Extracted entries below:

(* Let $\mathcal{U}$ be any perturbation set, $c:\mathcal{X}\to\mathcal{Y}$ a concept, $D$ a distribution on $\mathcal{X}$, $\beta\in(0,1]$, $\epsilon'\ge0$, and $h_1,\dots,h_T:\mathcal{X}\to\mathcal{Y}$ classifiers. Write $R_t=\mathrm{Rob}_{\mathcal{U}^{-1}(\mathcal{U})}(h_t)$ and $\bar R_{1:t}=\bigcap_{s\le t}(\mathcal{X}\setminus R_s)$ (with $\bar R_{1:0}=\mathcal{X}$). Suppose that for every $1\le t\le T$ with $\Pr_{x\sim D}[\bar R_{1:t-1}]>0$, $$\Pr_{x\sim D}[x\in R_t\mid x\in\bar R_{1:t-1}]\ge\beta\quad\text{and}\quad\Pr_{x\sim D}[h_t(x)\neq c(x)\mid x\in\bar R_{1:t-1}]\le\epsilon'.$$ Then $\Pr_{x\sim D}[\bar R_{1:t}]\le(1-\beta)^t$ for all $t\le T$, and $$\Pr_{x\sim D}\big[\exists z\in\mathcal{U}(x):\ \mathrm{CAS}(h_1,\dots,h_T)(z)\neq c(x)\big]\le\frac{\epsilon'}{\beta}+(1-\beta)^T.$$
   Context: A perturbation set is a map $\mathcal{U}:\mathcal{X}\to 2^{\mathcal{X}}$. For $z\in\mathcal{X}$ let $\mathcal{U}^{-1}(z)=\{x\in\mathcal{X}: z\in\mathcal{U}(x)\}$, and let $\mathcal{U}^{-1}(\mathcal{U})$ denote the perturbation set $\mathcal{U}^{-1}(\mathcal{U})(x)=\bigcup_{z\in\mathcal{U}(x)}\mathcal{U}^{-1}(z)$. For a classifier $h$ and perturbation set $\mathcal{V}$, $\mathrm{Rob}_{\mathcal{V}}(h)=\{x\in\mathcal{X}:\forall z\in\mathcal{V}(x),\ h(z)=h(x)\}$. Selective classifier: for $h:\mathcal{X}\to\mathcal{Y}$, $G_h(z)=y$ if $\mathcal{U}^{-1}(z)\neq\emptyset$ and $h(\tilde x)=y$ for all $\tilde x\in\mathcal{U}^{-1}(z)$, and $G_h(z)=\perp$ otherwise. Cascade: $\mathrm{CAS}(h_1,\dots,h_T)(z)=G_{h_s}(z)$ where $s=\min\{t\le T: G_{h_t}(z)\neq\perp\}$; if no such $t$ exists, it outputs a fixed arbitrary label. All events are assumed measurable. *)

theory Defs
  imports "HOL-Probability.Probability"
begin

definition Uinv :: "('a \<Rightarrow> 'a set) \<Rightarrow> 'a \<Rightarrow> 'a set" where
  "Uinv U z = {x. z \<in> U x}"

definition UinvU :: "('a \<Rightarrow> 'a set) \<Rightarrow> 'a \<Rightarrow> 'a set" where
  "UinvU U x = (\<Union>z\<in>U x. Uinv U z)"

definition Rob :: "('a \<Rightarrow> 'a set) \<Rightarrow> ('a \<Rightarrow> 'b) \<Rightarrow> 'a set" where
  "Rob V h = {x. \<forall>z\<in>V x. h z = h x}"

text \<open>Selective classifier G_h; None encodes the abstention symbol \<bottom>.\<close>
definition G :: "('a \<Rightarrow> 'a set) \<Rightarrow> ('a \<Rightarrow> 'b) \<Rightarrow> 'a \<Rightarrow> 'b option" where
  "G U h z = (if Uinv U z \<noteq> {} \<and> (\<exists>y. \<forall>x\<in>Uinv U z. h x = y)
              then Some (THE y. \<forall>x\<in>Uinv U z. h x = y) else None)"

text \<open>Cascade CAS(h_1,...,h_T), with y0 the fixed arbitrary fallback label.\<close>
definition CAS :: "('a \<Rightarrow> 'a set) \<Rightarrow> (nat \<Rightarrow> 'a \<Rightarrow> 'b) \<Rightarrow> nat \<Rightarrow> 'b \<Rightarrow> 'a \<Rightarrow> 'b" where
  "CAS U hs T y0 z =
     (if \<exists>t. 1 \<le> t \<and> t \<le> T \<and> G U (hs t) z \<noteq> None
      then the (G U (hs (LEAST t. 1 \<le> t \<and> t \<le> T \<and> G U (hs t) z \<noteq> None)) z)
      else y0)"

definition Rset :: "('a \<Rightarrow> 'a set) \<Rightarrow> (nat \<Rightarrow> 'a \<Rightarrow> 'b) \<Rightarrow> nat \<Rightarrow> 'a set" where
  "Rset U hs t = Rob (UinvU U) (hs t)"

definition Rbar :: "('a \<Rightarrow> 'a set) \<Rightarrow> (nat \<Rightarrow> 'a \<Rightarrow> 'b) \<Rightarrow> nat \<Rightarrow> 'a set" where
  "Rbar U hs t = (\<Inter>s\<in>{1..t}. UNIV - Rset U hs s)"

definition cprob :: "'a measure \<Rightarrow> 'a set \<Rightarrow> 'a set \<Rightarrow> real" where
  "cprob D A B = measure D (A \<inter> B) / measure D B"

end

theory Submission
  imports Defs
begin

text \<open>
  Let \<open>z \<in> U x\<close> and let \<open>t\<close> be the first stage with \<open>x \<in> Rset U hs t\<close>. Then \<open>G U (hs t)\<close>
  does not abstain at \<open>z\<close>, so the cascade answers with the first non-abstaining stage
  \<open>s \<le> t\<close>, and since \<open>x \<in> Uinv U z\<close> that answer is \<open>hs s x\<close>, with \<open>x \<in> Rbar U hs (s - 1)\<close>.
  So an attacked error lies in \<open>Rbar U hs T\<close> or in some \<open>Rbar U hs (s - 1) \<inter> {hs s \<noteq> c}\<close>.
  The conditional hypotheses shrink \<open>Rbar\<close> by a factor \<open>1 - \<beta>\<close> per stage and bound the
  stage-\<open>s\<close> error by \<open>\<epsilon>' (1 - \<beta>)^(s-1)\<close>; the geometric series sums to at most \<open>\<epsilon>'/\<beta>\<close>.
\<close>

lemma G_Some_imp_eq:
  assumes "x \<in> Uinv U z" and "G U h z = Some v"
  shows "v = h x"
  using assms unfolding G_def by (auto split: if_splits intro!: the_equality[symmetric])

lemma G_not_None_if_Rob:
  assumes "z \<in> U x" and "x \<in> Rob (UinvU U) h"
  shows "G U h z \<noteq> None"
proof -
  have "x \<in> Uinv U z" using assms(1) by (simp add: Uinv_def)
  moreover have "\<forall>x'\<in>Uinv U z. h x' = h x"
    using assms by (auto simp: Rob_def UinvU_def)
  ultimately have "Uinv U z \<noteq> {} \<and> (\<exists>y. \<forall>x'\<in>Uinv U z. h x' = y)" by blast
  then show ?thesis unfolding G_def by simp
qed

lemma Rbar_0 [simp]: "Rbar U hs 0 = UNIV"
  by (simp add: Rbar_def)

lemma Rbar_Suc: "Rbar U hs (Suc n) = Rbar U hs n - Rset U hs (Suc n)"
  by (auto simp: Rbar_def le_Suc_eq)

lemma mem_Rbar_iff: "x \<in> Rbar U hs n \<longleftrightarrow> (\<forall>s\<in>{1..n}. x \<notin> Rset U hs s)"
  by (simp add: Rbar_def)

lemma CAS_eq_hs_on_Rbar_prefix:
  assumes z: "z \<in> U x" and not_Rbar: "x \<notin> Rbar U hs T"
  shows "\<exists>s\<in>{1..T}. x \<in> Rbar U hs (s - 1) \<and> CAS U hs T y0 z = hs s x"
proof -
  let ?robust = "\<lambda>t. 1 \<le> t \<and> t \<le> T \<and> x \<in> Rset U hs t"
  let ?decides = "\<lambda>t. 1 \<le> t \<and> t \<le> T \<and> G U (hs t) z \<noteq> None"
  define t where "t = (LEAST t. ?robust t)"
  have "\<exists>t. ?robust t" using not_Rbar by (auto simp: mem_Rbar_iff)
  then have t: "?robust t" unfolding t_def by (rule LeastI_ex)
  have before_t: "\<not> ?robust r" if "r < t" for r
    using that unfolding t_def by (rule not_less_Least)
  have "?decides t"
    using t G_not_None_if_Rob[of z U x "hs t"] z by (simp add: Rset_def)
  define s where "s = (LEAST s. ?decides s)"
  have s: "?decides s" unfolding s_def by (rule LeastI) fact
  have "s \<le> t" unfolding s_def by (rule Least_le) fact
  obtain v where v: "G U (hs s) z = Some v" using s by auto
  have "CAS U hs T y0 z = v"
    using \<open>?decides t\<close> v unfolding CAS_def s_def[symmetric] by auto
  also have "v = hs s x"
    using z by (intro G_Some_imp_eq[OF _ v]) (simp add: Uinv_def)
  finally have "CAS U hs T y0 z = hs s x" .
  moreover have "x \<in> Rbar U hs (s - 1)"
    using before_t \<open>s \<le> t\<close> s by (auto simp: mem_Rbar_iff)
  ultimately show ?thesis using s by auto
qed

lemma CAS_error_subset:
  "{x. \<exists>z\<in>U x. CAS U hs T y0 z \<noteq> c x}
     \<subseteq> Rbar U hs T \<union> (\<Union>s\<in>{1..T}. Rbar U hs (s - 1) \<inter> {x. hs s x \<noteq> c x})"
proof
  fix x assume "x \<in> {x. \<exists>z\<in>U x. CAS U hs T y0 z \<noteq> c x}"
  then obtain z where "z \<in> U x" "CAS U hs T y0 z \<noteq> c x" by blast
  then show "x \<in> Rbar U hs T \<union> (\<Union>s\<in>{1..T}. Rbar U hs (s - 1) \<inter> {x. hs s x \<noteq> c x})"
    using CAS_eq_hs_on_Rbar_prefix[of z U x hs T y0] by (cases "x \<in> Rbar U hs T") auto
qed

lemma (in finite_measure) measure_Diff_le_of_cprob_ge:
  assumes "A \<in> sets M" "B \<in> sets M" "\<beta> \<le> 1"
    and "measure M B > 0 \<Longrightarrow> \<beta> \<le> cprob M A B"
  shows "measure M (B - A) \<le> (1 - \<beta>) * measure M B"
proof (cases "measure M B > 0")
  case True
  then have "\<beta> * measure M B \<le> measure M (A \<inter> B)"
    using assms(4) by (simp add: cprob_def le_divide_eq)
  then show ?thesis
    using assms(1,2) by (simp add: finite_measure_Diff' Int_commute algebra_simps)
next
  case False
  then have "measure M B = 0" using measure_nonneg[of M B] by linarith
  moreover have "measure M (B - A) \<le> measure M B"
    using assms(2) by (intro finite_measure_mono) auto
  ultimately show ?thesis by simp
qed

lemma (in finite_measure) measure_Int_le_of_cprob_le:
  assumes "B \<in> sets M" "0 \<le> \<epsilon>"
    and "measure M B > 0 \<Longrightarrow> cprob M A B \<le> \<epsilon>"
  shows "measure M (A \<inter> B) \<le> \<epsilon> * measure M B"
proof (cases "measure M B > 0")
  case True
  then show ?thesis using assms(3) by (simp add: cprob_def divide_le_eq)
next
  case False
  then have "measure M B = 0" using measure_nonneg[of M B] by linarith
  moreover have "measure M (A \<inter> B) \<le> measure M B"
    using assms(1) by (intro finite_measure_mono) auto
  ultimately show ?thesis by simp
qed

lemma sum_power_le_inverse:
  fixes \<beta> :: real
  assumes "0 < \<beta>" "\<beta> \<le> 1"
  shows "(\<Sum>k<n. (1 - \<beta>) ^ k) \<le> 1 / \<beta>"
proof -
  have "(\<Sum>k<n. (1 - \<beta>) ^ k) = (1 - (1 - \<beta>) ^ n) / \<beta>"
    using sum_gp_strict[of "1 - \<beta>" n] assms(1) by simp
  also have "\<dots> \<le> 1 / \<beta>"
    using assms by (intro divide_right_mono) auto
  finally show ?thesis .
qed

locale robust_cascade = prob_space D for D :: "'a measure" +
  fixes U :: "'a \<Rightarrow> 'a set" and c :: "'a \<Rightarrow> 'b"
    and \<beta> \<epsilon>' :: real and hs :: "nat \<Rightarrow> 'a \<Rightarrow> 'b" and T :: nat
  assumes space_eq_UNIV: "space D = UNIV"
    and \<beta>_pos: "0 < \<beta>" and \<beta>_le_1: "\<beta> \<le> 1" and \<epsilon>'_nonneg: "0 \<le> \<epsilon>'"
    and Rset_sets: "\<And>t. 1 \<le> t \<Longrightarrow> t \<le> T \<Longrightarrow> Rset U hs t \<in> sets D"
    and error_sets: "\<And>t. 1 \<le> t \<Longrightarrow> t \<le> T \<Longrightarrow> {x. hs t x \<noteq> c x} \<in> sets D"
    and cprob_bounds: "\<And>t. 1 \<le> t \<Longrightarrow> t \<le> T \<Longrightarrow> measure D (Rbar U hs (t - 1)) > 0 \<Longrightarrow>
           cprob D (Rset U hs t) (Rbar U hs (t - 1)) \<ge> \<beta> \<and>
           cprob D {x. hs t x \<noteq> c x} (Rbar U hs (t - 1)) \<le> \<epsilon>'"
begin

lemma Rbar_sets: "n \<le> T \<Longrightarrow> Rbar U hs n \<in> sets D"
proof (induction n)
  case 0
  show ?case using space_eq_UNIV by (metis Rbar_0 sets.top)
next
  case (Suc n)
  then show ?case using Rset_sets[of "Suc n"] by (simp add: Rbar_Suc sets.Diff)
qed

lemma measure_Rbar_le: "n \<le> T \<Longrightarrow> measure D (Rbar U hs n) \<le> (1 - \<beta>) ^ n"
proof (induction n)
  case 0
  show ?case using space_eq_UNIV by (simp add: prob_space flip: space_eq_UNIV)
next
  case (Suc n)
  have "measure D (Rbar U hs (Suc n)) \<le> (1 - \<beta>) * measure D (Rbar U hs n)"
    unfolding Rbar_Suc using Suc.prems Rset_sets Rbar_sets \<beta>_le_1 cprob_bounds[of "Suc n"]
    by (intro measure_Diff_le_of_cprob_ge) auto
  also have "\<dots> \<le> (1 - \<beta>) * (1 - \<beta>) ^ n"
    using Suc \<beta>_le_1 by (intro mult_left_mono) auto
  finally show ?case by simp
qed

lemma measure_stage_error_le:
  assumes "s \<in> {1..T}"
  shows "measure D (Rbar U hs (s - 1) \<inter> {x. hs s x \<noteq> c x}) \<le> \<epsilon>' * (1 - \<beta>) ^ (s - 1)"
proof -
  have "measure D ({x. hs s x \<noteq> c x} \<inter> Rbar U hs (s - 1)) \<le> \<epsilon>' * measure D (Rbar U hs (s - 1))"
    using assms Rbar_sets \<epsilon>'_nonneg cprob_bounds[of s]
    by (intro measure_Int_le_of_cprob_le) auto
  also have "\<dots> \<le> \<epsilon>' * (1 - \<beta>) ^ (s - 1)"
    using assms measure_Rbar_le \<epsilon>'_nonneg by (intro mult_left_mono) auto
  finally show ?thesis by (simp add: Int_commute)
qed

lemma measure_stage_errors_le:
  "measure D (\<Union>s\<in>{1..T}. Rbar U hs (s - 1) \<inter> {x. hs s x \<noteq> c x}) \<le> \<epsilon>' / \<beta>"
proof -
  have "measure D (\<Union>s\<in>{1..T}. Rbar U hs (s - 1) \<inter> {x. hs s x \<noteq> c x})
      \<le> (\<Sum>s\<in>{1..T}. measure D (Rbar U hs (s - 1) \<inter> {x. hs s x \<noteq> c x}))"
    using Rbar_sets error_sets by (intro finite_measure_subadditive_finite) auto
  also have "\<dots> \<le> (\<Sum>s\<in>{1..T}. \<epsilon>' * (1 - \<beta>) ^ (s - 1))"
    by (intro sum_mono measure_stage_error_le)
  also have "\<dots> = \<epsilon>' * (\<Sum>k<T. (1 - \<beta>) ^ k)"
    unfolding sum_distrib_left by (rule sum.reindex_bij_witness[of _ Suc "\<lambda>s. s - 1"]) auto
  also have "\<dots> \<le> \<epsilon>' * (1 / \<beta>)"
    using \<epsilon>'_nonneg \<beta>_pos \<beta>_le_1 by (intro mult_left_mono sum_power_le_inverse)
  finally show ?thesis by simp
qed

text \<open>No measurability of the attacked error event is needed: \<open>measure\<close> is \<open>0\<close> off \<open>sets D\<close>.\<close>

lemma measure_CAS_error_le:
  "measure D {x. \<exists>z\<in>U x. CAS U hs T y0 z \<noteq> c x} \<le> \<epsilon>' / \<beta> + (1 - \<beta>) ^ T"
proof -
  let ?errors = "\<Union>s\<in>{1..T}. Rbar U hs (s - 1) \<inter> {x. hs s x \<noteq> c x}"
  have errors_sets: "?errors \<in> sets D"
    by (intro sets.finite_UN sets.Int Rbar_sets error_sets ballI) auto
  have "measure D {x. \<exists>z\<in>U x. CAS U hs T y0 z \<noteq> c x} \<le> measure D (Rbar U hs T \<union> ?errors)"
    by (intro finite_measure_mono CAS_error_subset sets.Un Rbar_sets errors_sets) simp
  also have "\<dots> \<le> measure D (Rbar U hs T) + measure D ?errors"
    using Rbar_sets errors_sets by (intro measure_Un_le) auto
  also have "\<dots> \<le> (1 - \<beta>) ^ T + \<epsilon>' / \<beta>"
    using measure_Rbar_le measure_stage_errors_le by (intro add_mono) auto
  finally show ?thesis by simp
qed

end

theorem mainTheorem4:
  fixes U :: "'a \<Rightarrow> 'a set" and c :: "'a \<Rightarrow> 'b" and D :: "'a measure"
    and \<beta> \<epsilon>' :: real and hs :: "nat \<Rightarrow> 'a \<Rightarrow> 'b" and T :: nat and y0 :: 'b
  assumes "prob_space D" and "space D = UNIV"
    and "0 < \<beta>" and "\<beta> \<le> 1" and "0 \<le> \<epsilon>'"
    and "\<And>t. 1 \<le> t \<Longrightarrow> t \<le> T \<Longrightarrow> Rset U hs t \<in> sets D"
    and "\<And>t. 1 \<le> t \<Longrightarrow> t \<le> T \<Longrightarrow> {x. hs t x \<noteq> c x} \<in> sets D"
    and "{x. \<exists>z\<in>U x. CAS U hs T y0 z \<noteq> c x} \<in> sets D"
    and "\<And>t. 1 \<le> t \<Longrightarrow> t \<le> T \<Longrightarrow> measure D (Rbar U hs (t - 1)) > 0 \<Longrightarrow>
           cprob D (Rset U hs t) (Rbar U hs (t - 1)) \<ge> \<beta> \<and>
           cprob D {x. hs t x \<noteq> c x} (Rbar U hs (t - 1)) \<le> \<epsilon>'"
  shows "(\<forall>t\<le>T. measure D (Rbar U hs t) \<le> (1 - \<beta>) ^ t) \<and>
         measure D {x. \<exists>z\<in>U x. CAS U hs T y0 z \<noteq> c x} \<le> \<epsilon>' / \<beta> + (1 - \<beta>) ^ T"
proof -
  interpret robust_cascade D U c \<beta> \<epsilon>' hs T
    by (intro robust_cascade.intro robust_cascade_axioms.intro assms(1)) (fact assms)+
  show ?thesis
    using measure_Rbar_le measure_CAS_error_le by blast
qed

end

End of Extracted entries.

[Required work]:
What lines above contain the word "fixes"? Return each such line.

[Task answer]:
  fixes \<beta> :: real
  fixes U :: "'a \<Rightarrow> 'a set" and c :: "'a \<Rightarrow> 'b"
  fixes U :: "'a \<Rightarrow> 'a set" and c :: "'a \<Rightarrow> 'b" and D :: "'a measure"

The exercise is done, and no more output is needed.